Moreover, to the extent that Employer argues that its case should be distinguished from Art Hill and S.S., and that we should instead follow a panel of this court’s conclusions in A.Y. v. Review Board of the Indiana Department of Workforce Development, 948 N.E.2d 873 (Ind.Ct.App.2011), trans. pending, we conclude that AY., rather than Art Hill and S.S., should be distinguished from the instant matter. In AY., unlike in the instant matter, the claimant faxed her participation slip, which included her contact information, to the ALJ’s offices from a fax machine that did not print confirmation sheets. Id. at 378. ■ The claimant attempted to contact the ALJ’s office to confirm that the ALJ had received her participation slip. Id. However, despite the claimant’s efforts, the ALJ did not receive the claimant’s participation slip. Id. at 375. Having not received the claimant’s participation slip, the ALJ dismissed the claimant’s appeal, and the Review Board affirmed the decision of the ALJ. Id. at 377. Based on these facts, a panel of this court reversed and ordered that the Review Board reinstate the claimant’s appeal. Unlike in the instant matter, however, the claimant in A.Y. not only took the required step of returning the participation slip to ensure that the ALJ knew she wished to participate in the hearing, but also the additional step of calling the ALJ’s office prior to the hearing to confirm that the ALJ was aware of her desire to participate in the hearing. Here, Employer does not dispute the fact that it failed to inform the ALJ that it intended to participate in the hearing or provide the ALJ with the correct contact information by returning the required Acknowledgment Form. In addition, the record reveals that unlike the claimant in A.Y., Employer made no extra effort to make sure that the ALJ had its proper contact information.

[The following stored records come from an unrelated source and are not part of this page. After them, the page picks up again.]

(* Let $(X,\phi)$ be a flow on a compact metric space $(X,d)$. Then $$\overline{\mathrm{mdim}}_M(\phi,X,d)=\overline{\mathrm{mdim}}^B(\phi,X,d).$$
   Context: A flow: $\phi:X\times\mathbb{R}\to X$ continuous, $\phi_t(x)=\phi(x,t)$, $\phi_0=\mathrm{id}$, $\phi_{t+s}=\phi_t\circ\phi_s$. $d_t(x,y)=\max_{s\in[0,t]}d(\phi_sx,\phi_sy)$, $B_t(x,\epsilon,\phi)=\{y:d_t(x,y)<\epsilon\}$. $r_t(\phi,X,d,\epsilon)$ is the minimal cardinality of $E\subset X$ with every $x\in X$ satisfying $d_t(x,y)<\epsilon$ for some $y\in E$; $r(\phi,X,d,\epsilon)=\limsup_{t\to\infty}\frac1t\log r_t(\phi,X,d,\epsilon)$; $\overline{\mathrm{mdim}}_M(\phi,X,d)=\limsup_{\epsilon\to0}\frac{r(\phi,X,d,\epsilon)}{\log(1/\epsilon)}$. Bowen upper metric mean dimension of $Z\subset X$: for $\lambda\in\mathbb{R}$, $N\in\mathbb{N}$, $\epsilon>0$, $M(\phi,d,Z,\lambda,N,\epsilon)=\inf\sum_{i\in I}e^{-n_i\lambda}$ over finite or countable families $\{B_{n_i}(x_i,\epsilon,\phi)\}_{i\in I}$ covering $Z$ with $n_i\ge N$; $M(\phi,d,Z,\lambda,\epsilon)=\lim_{N\to\infty}M(\phi,d,Z,\lambda,N,\epsilon)$; $M(\phi,d,Z,\epsilon)=\inf\{\lambda:M(\phi,d,Z,\lambda,\epsilon)=0\}$; $\overline{\mathrm{mdim}}^B(\phi,Z,d)=\limsup_{\epsilon\to0}\frac{M(\phi,d,Z,\epsilon)}{\log(1/\epsilon)}$. *)

theory Defs
  imports "HOL-Analysis.Analysis"
begin

definition is_flow :: "'a set \<Rightarrow> ('a \<Rightarrow> 'a \<Rightarrow> real) \<Rightarrow> ('a \<Rightarrow> real \<Rightarrow> 'a) \<Rightarrow> bool" where
  "is_flow X d \<phi> \<longleftrightarrow>
     continuous_map (prod_topology (Metric_space.mtopology X d) euclideanreal)
                    (Metric_space.mtopology X d) (\<lambda>(x,t). \<phi> x t)
   \<and> (\<forall>x\<in>X. \<phi> x 0 = x)
   \<and> (\<forall>x\<in>X. \<forall>t s. \<phi> x (t + s) = \<phi> (\<phi> x s) t)"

Having concluded that A.Y. should be distinguished from the instant matter, that the Review Board correctly determined that Employer voluntarily waived its opportunity to be heard during a fair hearing, Employer’s proffered excuse regarding its confusion relating to the time of the hearing in CST did not amount to excusable neglect, and Employer failed to show good cause why the hearing should be reopened, we affirm the judgment of the Review Board.
The judgment of the Review Board is affirmed.
ROBB, C.J., concurs with opinion. BARNES, J., concurs.